» **Task statement**:
Pull every line with "lambda" from the entries below.

» **Record extracts**:
(* Suppose that for every $i\in\mathcal N$ and every $Z\in\mathcal X$, the function $c\mapsto U_i(Z+c)$ on $\mathbb R$ is continuous, strictly increasing, and satisfies $\lim_{c\to\infty}U_i(Z+c)=\infty$, and that each $U_i$ is monotone and concave. Then $\mathcal{CPO}=\bigcup_{\lambda\in\Lambda}\mathcal{CS}_\lambda$.
   Context: Let $(\Omega,\mathcal F,\mathbb P)$ be an atomless probability space and $\mathcal X:=L^\infty(\Omega,\mathcal F,\mathbb P)$. There are $n\in\mathbb N$ agents indexed by $\mathcal N=\{1,\dots,n\}$ (with $n\ge 2$), agent $i$ having initial endowment $X_i\in\mathcal X$; the aggregate endowment is $S:=\sum_{i=1}^n X_i$. The set of allocations is $\mathcal A:=\{(Y_1,\dots,Y_n)\in\mathcal X^n:\sum_{i=1}^nY_i=S\}$. Each agent $i$ has a utility functional $U_i:\mathcal X\to\mathbb R$. An allocation $(Y_i)\in\mathcal A$ is individually rational (IR) if $U_i(Y_i)\ge U_i(X_i)$ for all $i$; $\mathcal{IR}$ denotes the set of IR allocations. A random vector $(Z_1,\dots,Z_n)$ is comonotone if $(Z_i(\omega_1)-Z_i(\omega_2))(Z_j(\omega_1)-Z_j(\omega_2))\ge0$ for all $\omega_1,\omega_2\in\Omega$ and all $i,j$. $\mathcal A_C$ denotes the set of comonotone allocations in $\mathcal A$. An allocation $(Y_i^* )\in\mathcal A_C$ is comonotone Pareto optimal (CPO) if it is IR and there is no other IR allocation $(Y_i)\in\mathcal A_C$ with $U_i(Y_i)\ge U_i(Y_i^* )$ for all $i$ and at least one strict inequality; $\mathcal{CPO}$ denotes the set of CPO allocations. $U$ is monotone if $Z_1\le Z_2$ implies $U(Z_1)\le U(Z_2)$. Let $\Lambda:=\mathbb R_+^n\setminus\{0\}$, and for $\lambda\in\Lambda$ let $\mathcal{CS}_\lambda$ be the set of maximizers (possibly empty) of $\sup_{(Y_i)\in\mathcal{IR}\cap\mathcal A_C}\sum_{i=1}^n\lambda_iU_i(Y_i)$. *)

theory Defs
  imports "HOL-Probability.Probability"
begin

» **Expected output**:
(* Suppose that for every $i\in\mathcal N$ and every $Z\in\mathcal X$, the function $c\mapsto U_i(Z+c)$ on $\mathbb R$ is continuous, strictly increasing, and satisfies $\lim_{c\to\infty}U_i(Z+c)=\infty$, and that each $U_i$ is monotone and concave. Then $\mathcal{CPO}=\bigcup_{\lambda\in\Lambda}\mathcal{CS}_\lambda$.
   Context: Let $(\Omega,\mathcal F,\mathbb P)$ be an atomless probability space and $\mathcal X:=L^\infty(\Omega,\mathcal F,\mathbb P)$. There are $n\in\mathbb N$ agents indexed by $\mathcal N=\{1,\dots,n\}$ (with $n\ge 2$), agent $i$ having initial endowment $X_i\in\mathcal X$; the aggregate endowment is $S:=\sum_{i=1}^n X_i$. The set of allocations is $\mathcal A:=\{(Y_1,\dots,Y_n)\in\mathcal X^n:\sum_{i=1}^nY_i=S\}$. Each agent $i$ has a utility functional $U_i:\mathcal X\to\mathbb R$. An allocation $(Y_i)\in\mathcal A$ is individually rational (IR) if $U_i(Y_i)\ge U_i(X_i)$ for all $i$; $\mathcal{IR}$ denotes the set of IR allocations. A random vector $(Z_1,\dots,Z_n)$ is comonotone if $(Z_i(\omega_1)-Z_i(\omega_2))(Z_j(\omega_1)-Z_j(\omega_2))\ge0$ for all $\omega_1,\omega_2\in\Omega$ and all $i,j$. $\mathcal A_C$ denotes the set of comonotone allocations in $\mathcal A$. An allocation $(Y_i^* )\in\mathcal A_C$ is comonotone Pareto optimal (CPO) if it is IR and there is no other IR allocation $(Y_i)\in\mathcal A_C$ with $U_i(Y_i)\ge U_i(Y_i^* )$ for all $i$ and at least one strict inequality; $\mathcal{CPO}$ denotes the set of CPO allocations. $U$ is monotone if $Z_1\le Z_2$ implies $U(Z_1)\le U(Z_2)$. Let $\Lambda:=\mathbb R_+^n\setminus\{0\}$, and for $\lambda\in\Lambda$ let $\mathcal{CS}_\lambda$ be the set of maximizers (possibly empty) of $\sup_{(Y_i)\in\mathcal{IR}\cap\mathcal A_C}\sum_{i=1}^n\lambda_iU_i(Y_i)$. *)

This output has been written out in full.